Fig. 25.—Drainage plan for dwellings.
45. Leaders should not be used as soil-pipes, because, during a rain, the ventilation of the pipes is interfered with by the downward flow of water, which will also empty unventilated traps by siphoning. The necessity of having leaders open flush with the roof also interferes with proper ventilation.
47. If steam enters a soil-pipe, it heats the water in the traps, injures joints on account of the extreme changes of temperature induced, and hastens corrosion of the pipes.
Fig. 25 shows a system of house-drainage for a city house planned in accordance with the above rules.

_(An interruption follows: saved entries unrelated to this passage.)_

(* Let $q\in\mathbb{C}\setminus\{0,1,-1\}$ and let $a,a^\dagger,N$ be operators satisfying $$aa^\dagger-q\,a^\dagger a=q^{-N},\qquad a^\dagger a=[N],\qquad [N,a]=-a,\qquad [N,a^\dagger]=a^\dagger,$$ where $[X]=\frac{q^{X}-q^{-X}}{q-q^{-1}}$. For $m\in\mathbb{Z}$ put $L_m=-q^{N}(a^\dagger)^{m+1}a$. Define brackets recursively: for $m,k\in\mathbb{Z}$, $$\llbracket L_m,L_k\rrbracket=q^{m-k}L_mL_k-q^{k-m}L_kL_m,$$ and for $n\ge 3$ and $i_1,\dots,i_n\in\mathbb{Z}$, $$\llbracket L_{i_1},\dots,L_{i_n}\rrbracket=\sum_{s=1}^{n}(-1)^{s+1}\,q^{x_n i_s+y_n\sum_{l\neq s}i_l}\,L_{i_s}\,\llbracket L_{i_1},\dots,\widehat{L_{i_s}},\dots,L_{i_n}\rrbracket,$$ where the hat denotes omission, the product on the right is the ordinary operator product, and $(x_3,y_3)=(2,-1)$, $(x_n,y_n)=(n,0)$ for even $n\ge4$, $(x_n,y_n)=(n-1,-2)$ for odd $n\ge5$. Then for every $n\ge 3$ and all $i_1,\dots,i_n\in\mathbb{Z}$, $$\llbracket L_{i_1},\dots,L_{i_n}\rrbracket=\frac{\mathrm{sign}(n)}{(q-q^{-1})^{n-1}}\det\Big(q^{2\left(r-\lfloor\frac{n-1}{2}\rfloor\right)i_j}\Big)_{0\le r\le n-1,\;1\le j\le n}\;L_{i_1+\cdots+i_n},$$ i.e. the rows of the $n\times n$ matrix have exponents $-2\lfloor\frac{n-1}{2}\rfloor i_j,\,2(-\lfloor\frac{n-1}{2}\rfloor+1)i_j,\dots,2\lfloor\frac n2\rfloor i_j$ in column $j$, where $\mathrm{sign}(n)=1$ if $n\equiv0,1\pmod 4$ and $\mathrm{sign}(n)=-1$ if $n\equiv 2,3\pmod 4$, and $\lfloor\cdot\rfloor$ is the floor function.
   Context: The operators $a,a^\dagger,N$ form a $q$-deformed oscillator. The two-entry bracket is the $q$-commutator $[A,B]_{(p,r)}=pAB-rBA$ with $(p,r)=(q^{m-k},q^{k-m})$; with it the $L_m$ satisfy $[L_m,L_k]_{(q^{m-k},q^{k-m})}=[m-k]L_{m+k}$ (the $q$-deformed Virasoro–Witt algebra). *)

theory Defs
  imports Complex_Main "Jordan_Normal_Form.Determinant"
begin

text \<open>The operators live in an associative unital complex algebra, modelled as a
ring 'a together with a central unital ring embedding emb of the complex scalars.\<close>

definition scalar_embedding :: "(complex \<Rightarrow> 'a::ring_1) \<Rightarrow> bool" where
  "scalar_embedding emb \<longleftrightarrow>
     (\<forall>x y. emb (x + y) = emb x + emb y) \<and> (\<forall>x y. emb (x * y) = emb x * emb y) \<and>
     emb 1 = 1 \<and> (\<forall>c X. emb c * X = X * emb c)"

definition zpow :: "'a::ring_1 \<Rightarrow> 'a \<Rightarrow> int \<Rightarrow> 'a" where
  "zpow X Xi k = (if 0 \<le> k then X ^ nat k else Xi ^ nat (- k))"

text \<open>L_m = - q^N (a^dagger)^(m+1) a, where K stands for q^N.\<close>
definition Lop :: "'a::ring_1 \<Rightarrow> 'a \<Rightarrow> 'a \<Rightarrow> 'a \<Rightarrow> int \<Rightarrow> 'a" where
  "Lop K ad adi a m = - (K * zpow ad adi (m + 1) * a)"

definition xcoef :: "nat \<Rightarrow> int" where
  "xcoef n = (if n = 3 then 2 else if even n then int n else int n - 1)"

definition ycoef :: "nat \<Rightarrow> int" where
  "ycoef n = (if n = 3 then -1 else if even n then 0 else -2)"

definition remove_nth :: "nat \<Rightarrow> 'b list \<Rightarrow> 'b list" where
  "remove_nth s xs = take s xs @ drop (Suc s) xs"

text \<open>qbr d: bracket of a list of length d+2 (recursion depth d).  The index s is
0-based, so (-1)^(s+1) for 1-based s becomes (-1)^s.\<close>
primrec qbr :: "nat \<Rightarrow> (complex \<Rightarrow> 'a::ring_1) \<Rightarrow> complex \<Rightarrow> (int \<Rightarrow> 'a) \<Rightarrow> int list \<Rightarrow> 'a" where
  "qbr 0 emb q L xs = (case xs of
       [m, k] \<Rightarrow> emb (q powi (m - k)) * L m * L k - emb (q powi (k - m)) * L k * L m
     | _ \<Rightarrow> 0)"
| "qbr (Suc d) emb q L xs =
     (\<Sum>s<length xs. emb ((-1) ^ s * q powi (xcoef (length xs) * xs ! s
                                      + ycoef (length xs) * (sum_list xs - xs ! s)))
                     * L (xs ! s) * qbr d emb q L (remove_nth s xs))"

definition qbracket :: "(complex \<Rightarrow> 'a::ring_1) \<Rightarrow> complex \<Rightarrow> (int \<Rightarrow> 'a) \<Rightarrow> int list \<Rightarrow> 'a" where
  "qbracket emb q L xs = qbr (length xs - 2) emb q L xs"

definition sgn4 :: "nat \<Rightarrow> complex" where
  "sgn4 n = (if n mod 4 = 0 \<or> n mod 4 = 1 then 1 else -1)"

end

theory Submission
  imports Defs
begin

text \<open>Moving q^N and a through powers of a^\<dagger> gives the product rule
  (q - q^-1) L_m L_k = L_{m+k} - q^{-2m} q^{2N} L_{m+k}.
  Hence, by induction on n, each bracket is a scalar multiple of L_{i_1+...+i_n}, the scalar being,
  up to sign and a power of q, the Vandermonde determinant in z_j = q^{2 i_j}. In the inductive step
  the weights x_n, y_n turn both coefficient sums into Laplace expansions along the last row: with
  last row z^{n-1} one gets the new Vandermonde determinant, while the coefficient of the
  q^{2N}-term has last row z^{n-2}, a repeated row, and vanishes.\<close>

lemma length_remove_nth [simp]:
  "s < length xs \<Longrightarrow> length (remove_nth s xs) = length xs - 1"
  by (simp add: remove_nth_def)

lemma nth_remove_nth:
  "s < length xs \<Longrightarrow> j < length xs - 1 \<Longrightarrow>
     remove_nth s xs ! j = xs ! (if j < s then j else Suc j)"
  by (auto simp: remove_nth_def nth_append min_def)

lemma remove_nth_map: "remove_nth s (map f xs) = map f (remove_nth s xs)"
  by (simp add: remove_nth_def take_map drop_map)

lemma sum_list_remove_nth:
  "s < length xs \<Longrightarrow> sum_list (remove_nth s xs) = sum_list xs - (xs ! s :: 'a::ab_group_add)"
  by (metis add_diff_cancel_left' id_take_nth_drop remove_nth_def sum_list.Cons sum_list_append
      add.left_commute)

definition vandermonde_det :: "'a::comm_ring_1 list \<Rightarrow> 'a" where
  "vandermonde_det zs = det (mat (length zs) (length zs) (\<lambda>(r, j). zs ! j ^ r))"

Fig. 26.—Field’s flush-tank.
In country houses, where there are no sewers, the best method of disposing of the house-slops is subsoil drainage. The house system may be the same as that already explained for city houses. The fluids are conducted by a pipe with tight joints to a flush-tank (Fig. 26) near the house. This tank is so constructed that it empties itself, by a siphon action, whenever it gets full, discharging all its contents in a very short time, and thus washing out thoroughly the pipes into which it empties. “The outlet-pipe from this tank is continued by a cemented vitrified pipe to a point about twenty-five feet farther away. Here it connects with a system of open-jointed drain-tiles, consisting of one main, fifty feet long, and ten lateral drains, six feet apart, and each about twenty feet long. These drains underlie a part of the lawn, and are only about ten inches below the surface” (Waring). It will be understood that the purpose of this method of drainage is to have the organic matter contained in the house-refuse appropriated by vegetation, and it must therefore be distributed within reach of the grass-roots.

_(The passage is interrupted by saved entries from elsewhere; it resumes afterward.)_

(* Let $n$ be a positive integer, let $\lambda$ be a partition with at most $n$ nonzero parts, and let $\beta$ be a nonzero complex number. Then $$G_\lambda(\beta,\beta,\dots,\beta\mid -\beta^{-1})=\beta^{|\lambda|},$$ where all $n$ variables are specialized to $\beta$.
   Context: A partition $\lambda$ is identified with its Young diagram $\{(i,j)\in\mathbb{Z}_{>0}^2 : j\le\lambda_i\}$ and $|\lambda|=\sum_i\lambda_i$. A set-valued tableau of shape $\lambda$ with entries in $[n]=\{1,\dots,n\}$ assigns a non-empty subset $T_{i,j}\subseteq[n]$ to each box $(i,j)\in\lambda$ such that $\max T_{i,j}\le\min T_{i,j+1}$ whenever $(i,j),(i,j+1)\in\lambda$ and $\max T_{i,j}<\min T_{i+1,j}$ whenever $(i,j),(i+1,j)\in\lambda$; $\mathrm{SVT}(\lambda,n)$ is the set of these. For such $T$, $|T|=\sum_{(i,j)}|T_{i,j}|$, $\omega_k(T)$ is the number of boxes whose set contains $k$, and $x^{\omega(T)}=\prod_{k=1}^n x_k^{\omega_k(T)}$. The stable Grothendieck polynomial is $G_\lambda(x_1,\dots,x_n\mid\beta)=\sum_{T\in\mathrm{SVT}(\lambda,n)}\beta^{|T|-|\lambda|}x^{\omega(T)}$. *)

theory Defs
  imports Complex_Main
begin

text \<open>A partition is a weakly decreasing list of positive integers
  (its nonzero parts). Its number of nonzero parts is its length.\<close>
definition is_partition :: "nat list \<Rightarrow> bool" where
  "is_partition lam \<longleftrightarrow> sorted_wrt (\<ge>) lam \<and> (\<forall>p\<in>set lam. 0 < p)"

definition young :: "nat list \<Rightarrow> (nat \<times> nat) set" where
  "young lam = {(i, j). 1 \<le> i \<and> i \<le> length lam \<and> 1 \<le> j \<and> j \<le> lam ! (i - 1)}"

definition psize :: "nat list \<Rightarrow> nat" where
  "psize lam = sum_list lam"

text \<open>Set-valued tableaux of shape lam with entries in {1..n}; boxes outside the
  diagram are assigned the empty set (canonical representative).\<close>
definition SVT :: "nat list \<Rightarrow> nat \<Rightarrow> ((nat \<times> nat) \<Rightarrow> nat set) set" where
  "SVT lam n = {T.
     (\<forall>b\<in>young lam. T b \<noteq> {} \<and> T b \<subseteq> {1..n}) \<and>
     (\<forall>b. b \<notin> young lam \<longrightarrow> T b = {}) \<and>
     (\<forall>i j. (i, j) \<in> young lam \<and> (i, j + 1) \<in> young lam \<longrightarrow>
            Max (T (i, j)) \<le> Min (T (i, j + 1))) \<and>
     (\<forall>i j. (i, j) \<in> young lam \<and> (i + 1, j) \<in> young lam \<longrightarrow>
            Max (T (i, j)) < Min (T (i + 1, j)))}"

definition tsize :: "nat list \<Rightarrow> ((nat \<times> nat) \<Rightarrow> nat set) \<Rightarrow> nat" where
  "tsize lam T = (\<Sum>b\<in>young lam. card (T b))"

definition omega :: "nat list \<Rightarrow> ((nat \<times> nat) \<Rightarrow> nat set) \<Rightarrow> nat \<Rightarrow> nat" where
  "omega lam T k = card {b \<in> young lam. k \<in> T b}"

definition stableG :: "nat list \<Rightarrow> nat \<Rightarrow> (nat \<Rightarrow> complex) \<Rightarrow> complex \<Rightarrow> complex" where
  "stableG lam n x \<beta> =
     (\<Sum>T\<in>SVT lam n. \<beta> ^ (tsize lam T - psize lam) * (\<Prod>k=1..n. x k ^ omega lam T k))"

end

theory Submission
  imports Defs "HOL-Library.Disjoint_Sets"
begin

text \<open>With all \<open>x\<^sub>k = \<beta>\<close> and parameter \<open>-1/\<beta>\<close>, the term of a tableau \<open>T\<close> becomes
  \<open>\<beta>^|\<lambda>| (-1)^(|T| - |\<lambda>|)\<close>, so it suffices that the signed count of \<open>SVT(\<lambda>, N)\<close> is \<open>1\<close>.
  Adding or removing the largest letter \<open>N\<close> in a suitably chosen box at the bottom of its column
  is a sign-reversing involution. Its fixed points are the tableaux in which every box at the
  bottom of its column is \<open>{N}\<close> and \<open>N\<close> occurs nowhere else. Since the boxes having a box
  below them form the diagram of \<open>(\<lambda>\<^sub>2, \<lambda>\<^sub>3, \<dots>)\<close>, deleting \<open>N\<close> is a sign-preserving bijection
  from the fixed points onto \<open>SVT((\<lambda>\<^sub>2, \<lambda>\<^sub>3, \<dots>), N - 1)\<close>, and induction on \<open>N\<close> ends
  at the empty partition.\<close>

type_synonym tableau = "nat \<times> nat \<Rightarrow> nat set"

If water-closets are used, the following system is recommended in “The Sanitary Engineer”: Collect all the sewage of the house in a small and perfectly tight tank or cesspool, in which the paper and fecal matter soon become macerated by fermentation and reduced to a pulp. This tank should overflow into the flush-tank, the overflow-pipe dipping at least a foot below the point of discharge, to avoid the scum. The siphon of the flush-tank should be accessible by a man-hole, so as to be readily cleaned. If thus arranged, and if no roots of trees are in the soil, the distribution-pipes will not clog for a year or more, sometimes not for ten years.
Pipes should be laid at a depth of eight inches, with a slight and uniform descent of not over six or eight inches in one hundred feet. Branches from a four-inch main to the two-inch distribution-pipes should lead from the bottom of the former, instead of from the side, as in ordinary drain connections.